知里幸恵

知里幸恵(ちりゆきえ 1903年6月8日生)
 [アイヌ人女性]



 北海道出身。1920年11月、知里幸恵が17歳の時に、金田一京助に勧められて幼い頃から祖母モナシノウクや叔母の金成マツより聞いていた「カムイユカラ」を金田一から送られてきたノートにアイヌ語で記し始める。翌年、そのノートを金田一京助に送る。1922年に『アイヌ神謡集』の草稿執筆を開始。金田一の勧めにより同年5月に上京。幸恵は重度の心臓病を患っていたが、翻訳・編集・推敲作業を続け、同年9月に金田一家で原稿を書き終えた。
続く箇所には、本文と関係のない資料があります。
(* Let $l,r>1$ and $p_1,\dots,p_q>1$ be integers, $n=l\,p_1\cdots p_q\, r$, and $A\in\{0,1\}^{n\times n}$. Then $A$ admits all of the factorizations \[ (l,\;p_1p_2\cdots p_q r),\quad (p_1 l,\;p_2\cdots p_q r),\quad\dots,\quad (p_1p_2\cdots p_q l,\; r) \] (i.e. the $(p_1\cdots p_k l,\; p_{k+1}\cdots p_q r)$ factorization for every $k=0,\dots,q$) if and only if $A$ admits an $(l,p_1,p_2,\dots,p_q,r)$ factorization.
   Context: Kronecker products of binary matrices use Boolean arithmetic ($1+1=1$). For positive integers $n_1,\dots,n_m$ with $\prod n_i=n$, an $(n_1,\dots,n_m)$ factorization of $A\in\{0,1\}^{n\times n}$ is an expression $A=A_1\otimes\cdots\otimes A_m$ with $A_i\in\{0,1\}^{n_i\times n_i}$. *)

theory Defs
  imports Main
begin

text \<open>Binary matrices are modelled as functions nat => nat => bool; an n x n binary
matrix is such a function of which only the entries with indices < n matter.
Entry True = 1, False = 0.\<close>

type_synonym bmat = "nat \<Rightarrow> nat \<Rightarrow> bool"

text \<open>Boolean Kronecker product of an a x a matrix A with a b x b matrix B
(row/column index of the product: i = i1 * b + i2). Boolean arithmetic:
product of entries is conjunction.\<close>
definition bkron :: "nat \<Rightarrow> bmat \<Rightarrow> bmat \<Rightarrow> bmat" where
  "bkron b A B = (\<lambda>i j. A (i div b) (j div b) \<and> B (i mod b) (j mod b))"

fun bkron_list :: "(nat \<times> bmat) list \<Rightarrow> bmat" where
  "bkron_list [] = (\<lambda>i j. True)"
| "bkron_list ((s, M) # rest) = bkron (prod_list (map fst rest)) M (bkron_list rest)"

definition has_factorization :: "bmat \<Rightarrow> nat list \<Rightarrow> bool" where
  "has_factorization A ns =
     (\<exists>Ms :: bmat list. length Ms = length ns \<and>
        (\<forall>i < prod_list ns. \<forall>j < prod_list ns. A i j = bkron_list (zip ns Ms) i j))"

end

theory Submission
  imports Defs
begin

text \<open>Grouping consecutive factors of an \<open>(l, p\<^sub>1, \<dots>, p\<^sub>q, r)\<close> factorization
yields every two-factor one, since the Kronecker product is associative. Conversely, induct
on the number of factors: the first cut writes \<open>A = B \<otimes> C\<close>. If \<open>B = 0\<close> any \<open>C\<close> will
do; otherwise some entry \<open>B\<^sub>u\<^sub>v = 1\<close> makes \<open>C\<close> the \<open>(u, v)\<close> block of \<open>A\<close>. Each later
cut \<open>A = D \<otimes> E\<close> turns that block into \<open>D' \<otimes> E\<close>, with \<open>D'\<close> the \<open>(u, v)\<close> block of \<open>D\<close>,
so the block inherits all cuts of the remaining factors.\<close>

definition bmat_eq :: "nat \<Rightarrow> bmat \<Rightarrow> bmat \<Rightarrow> bool" where
  "bmat_eq n A B \<longleftrightarrow> (\<forall>i < n. \<forall>j < n. A i j = B i j)"

lemma bmat_eq_trans: "bmat_eq n A B \<Longrightarrow> bmat_eq n B C \<Longrightarrow> bmat_eq n A C"
  by (simp add: bmat_eq_def)

lemma has_factorization_iff_bmat_eq:
  "has_factorization A ns \<longleftrightarrow>
     (\<exists>Ms. length Ms = length ns \<and> bmat_eq (prod_list ns) A (bkron_list (zip ns Ms)))"
  by (simp add: has_factorization_def bmat_eq_def)

lemma bkron_assoc: "bkron (p * q) A (bkron q B C) = bkron q (bkron p A B) C"
proof -
  have "i mod (p * q) div q = i div q mod p" for i :: nat
    by (cases "q = 0") (simp_all add: mult.commute[of p q] mod_mult2_eq)
  then show ?thesis
    by (simp add: bkron_def mult.commute[of p q] div_mult2_eq mod_mod_cancel)
qed

lemma bkron_cong:
  assumes "bmat_eq q B B'"
  shows "bmat_eq (p * q) (bkron q A B) (bkron q A B')"
proof -
  have "i mod q < q" if "i < p * q" for i
    using that by (cases "q = 0") simp_all
  then show ?thesis
    using assms by (simp add: bmat_eq_def bkron_def)
qed

lemma bkron_list_append:
  assumes "length Mx = length xs" and "length My = length ys"
  shows "bmat_eq (prod_list xs * prod_list ys) (bkron_list (zip (xs @ ys) (Mx @ My)))
           (bkron (prod_list ys) (bkron_list (zip xs Mx)) (bkron_list (zip ys My)))"
  using assms(1)
proof (induction xs arbitrary: Mx)
  case Nil
  then show ?case by (simp add: bmat_eq_def bkron_def)
next
  case (Cons x xs)
  then obtain M Mx' where Mx: "Mx = M # Mx'" and len: "length Mx' = length xs"
    by (cases Mx) auto
  have "bmat_eq (x * (prod_list xs * prod_list ys))
          (bkron (prod_list xs * prod_list ys) M (bkron_list (zip (xs @ ys) (Mx' @ My))))
          (bkron (prod_list xs * prod_list ys) M
             (bkron (prod_list ys) (bkron_list (zip xs Mx')) (bkron_list (zip ys My))))"
    using bkron_cong Cons.IH[OF len] by blast
  then show ?case
    using len assms(2) by (simp add: Mx bkron_assoc mult.assoc)
qed

lemma has_factorization_two:
  "has_factorization A [a, b] \<longleftrightarrow> (\<exists>B C. bmat_eq (a * b) A (bkron b B C))"
proof -
  have "(\<exists>Ms. length Ms = Suc (Suc 0) \<and> P Ms) \<longleftrightarrow> (\<exists>B C. P [B, C])" for P :: "bmat list \<Rightarrow> bool"
    by (auto simp: length_Suc_conv)
  then show ?thesis
    by (simp add: has_factorization_iff_bmat_eq bkron_def)
qed

lemma has_factorization_Cons:
  assumes "bmat_eq (a * prod_list ns) A (bkron (prod_list ns) B C)"
    and "has_factorization C ns"
  shows "has_factorization A (a # ns)"
proof -
  obtain Ms where len: "length Ms = length ns"
    and C: "bmat_eq (prod_list ns) C (bkron_list (zip ns Ms))"
    using assms(2) by (auto simp: has_factorization_iff_bmat_eq)
  have "bmat_eq (a * prod_list ns) A (bkron_list (zip (a # ns) (B # Ms)))"
    using bmat_eq_trans[OF assms(1) bkron_cong[OF C]] len by simp
  then show ?thesis
    using len by (auto simp: has_factorization_iff_bmat_eq intro!: exI[of _ "B # Ms"])
qed

lemma has_factorization_append_cut:
  assumes "has_factorization A (xs @ ys)"
  shows "has_factorization A [prod_list xs, prod_list ys]"
proof -
  obtain Ms where len: "length Ms = length (xs @ ys)"
    and A: "bmat_eq (prod_list xs * prod_list ys) A (bkron_list (zip (xs @ ys) Ms))"
    using assms by (auto simp: has_factorization_iff_bmat_eq)
  define Mx where "Mx = take (length xs) Ms"
  define My where "My = drop (length xs) Ms"
  have "Ms = Mx @ My" "length Mx = length xs" "length My = length ys"
    using len by (simp_all add: Mx_def My_def)
  then show ?thesis
    using bmat_eq_trans[OF A] bkron_list_append has_factorization_two by metis
qed

definition bblock :: "nat \<Rightarrow> nat \<Rightarrow> nat \<Rightarrow> bmat \<Rightarrow> bmat" where
  "bblock p u v A = (\<lambda>x y. A (u * p + x) (v * p + y))"

lemma bmat_eq_bblock:
  assumes "bmat_eq (a * p) A B" and "u < a" and "v < a"
  shows "bmat_eq p (bblock p u v A) (bblock p u v B)"
proof -
  have "u * p + x < a * p" if "u < a" "x < p" for u x
  proof -
    have "u * p + x < (u + 1) * p" using that by simp
    also have "\<dots> \<le> a * p" using that by (intro mult_right_mono) auto
    finally show ?thesis .
  qed
  then show ?thesis
    using assms by (simp add: bmat_eq_def bblock_def)
qed

lemma bblock_bkron_nonzero: "B u v \<Longrightarrow> bmat_eq p (bblock p u v (bkron p B C)) C"
  by (simp add: bmat_eq_def bblock_def bkron_def)

lemma bblock_bkron: "bmat_eq (m * e) (bblock (m * e) u v (bkron e D E)) (bkron e (bblock m u v D) E)"
  by (cases "e = 0") (simp_all add: bmat_eq_def bblock_def bkron_def algebra_simps)

lemma has_factorization_bblock:
  assumes "has_factorization A [a * m, e]" and "u < a" and "v < a"
  shows "has_factorization (bblock (m * e) u v A) [m, e]"
proof -
  obtain D E where "bmat_eq (a * (m * e)) A (bkron e D E)"
    using assms(1) by (auto simp: has_factorization_two mult.assoc)
  then have "bmat_eq (m * e) (bblock (m * e) u v A) (bkron e (bblock m u v D) E)"
    using bmat_eq_trans bmat_eq_bblock[OF _ assms(2,3)] bblock_bkron by blast
  then show ?thesis
    by (auto simp: has_factorization_two)
qed

lemma has_factorization_if_all_cuts:
  assumes "ns \<noteq> []"
    and "\<And>k. 0 < k \<Longrightarrow> k < length ns \<Longrightarrow>
           has_factorization A [prod_list (take k ns), prod_list (drop k ns)]"
  shows "has_factorization A ns"
  using assms
proof (induction ns arbitrary: A)
  case Nil
  then show ?case by simp
next
  case (Cons a ns)
  show ?case
  proof (cases "ns = []")
    case True
    show ?thesis
      by (auto simp: True has_factorization_def bkron_def intro!: exI[of _ "[A]"])
  next
    case False
    define p where "p = prod_list ns"
    obtain B C where A: "bmat_eq (a * p) A (bkron p B C)"
      using Cons.prems(2)[of 1] False by (auto simp: p_def has_factorization_two)
    show ?thesis
    proof (cases "\<exists>u < a. \<exists>v < a. B u v")
      case True
      then obtain u v where uv: "u < a" "v < a" and "B u v" by blast
      have "bmat_eq p C (bblock p u v A)"
        using bmat_eq_bblock[OF A uv] bblock_bkron_nonzero[where B = B, OF \<open>B u v\<close>]
        by (simp add: bmat_eq_def)
      then have "bmat_eq (a * p) A (bkron p B (bblock p u v A))"
        using A bkron_cong bmat_eq_trans by blast
      moreover have "has_factorization (bblock p u v A) ns"
      proof (rule Cons.IH[OF False])
        fix k assume "0 < k" "k < length ns"
        define m where "m = prod_list (take k ns)"
        define e where "e = prod_list (drop k ns)"
        have "p = m * e"
          by (metis append_take_drop_id p_def m_def e_def prod_list.append)
        moreover have "has_factorization A [a * m, e]"
          using Cons.prems(2)[of "Suc k"] \<open>k < length ns\<close> by (simp add: m_def e_def)
        ultimately show "has_factorization (bblock p u v A) [m, e]"
          using has_factorization_bblock uv by blast
      qed
      ultimately show ?thesis
        by (simp add: has_factorization_Cons p_def)
    next
      case False
      \<comment> \<open>\<open>A\<close> vanishes on its range, so any factorizable \<open>C'\<close> works\<close>
      define C' where "C' = bkron_list (zip ns (replicate (length ns) B))"
      have "bmat_eq (a * p) A (bkron p B C')"
        using A False by (auto simp: bmat_eq_def bkron_def less_mult_imp_div_less)
      moreover have "has_factorization C' ns"
        unfolding C'_def has_factorization_def
        by (intro exI[of _ "replicate (length ns) B"]) simp
      ultimately show ?thesis
        by (simp add: has_factorization_Cons p_def)
    qed
  qed
qed

theorem corollary2:
  fixes l r :: nat and ps :: "nat list" and A :: bmat
  assumes "l > 1" and "r > 1" and "ps \<noteq> []" and "\<forall>p \<in> set ps. p > 1"
  shows "(\<forall>k \<le> length ps.
            has_factorization A [prod_list (take k ps) * l, prod_list (drop k ps) * r])
         \<longleftrightarrow> has_factorization A ([l] @ ps @ [r])"
proof
  assume cuts: "\<forall>k \<le> length ps.
    has_factorization A [prod_list (take k ps) * l, prod_list (drop k ps) * r]"
  show "has_factorization A ([l] @ ps @ [r])"
  proof (rule has_factorization_if_all_cuts)
    fix k assume "0 < k" "k < length ([l] @ ps @ [r])"
    then obtain k' where "k = Suc k'" "k' \<le> length ps"
      by (cases k) auto
    then show "has_factorization A
        [prod_list (take k ([l] @ ps @ [r])), prod_list (drop k ([l] @ ps @ [r]))]"
      using cuts by (simp add: mult.commute)
  qed simp
next
  assume "has_factorization A ([l] @ ps @ [r])"
  then have "has_factorization A [prod_list (l # take k ps), prod_list (drop k ps @ [r])]"
    if "k \<le> length ps" for k
    using has_factorization_append_cut[of A "l # take k ps" "drop k ps @ [r]"]
    by (metis append_Cons append_Nil append_assoc append_take_drop_id)
  then show "\<forall>k \<le> length ps.
      has_factorization A [prod_list (take k ps) * l, prod_list (drop k ps) * r]"
    by (simp add: mult.commute)
qed

end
 校正も済ませ後は発行するだけの状態にまでに仕上げたが、同年9月18日、心臓麻痺により急逝。翌年の1923年に金田一の尽力によって『アイヌ神謡集』を上梓し、郷土研究社から発行された。

 『アイヌ神謡集』の出版は絶滅の危機に瀕していたアイヌ文化アイヌ民族に自信と光を与え、重大な復権・復活の転機となった。また当時新聞にも大きく取り上げられ、多くの人が知里幸恵を、そしてアイヌの伝統・文化・言語・風習を知ることとなった。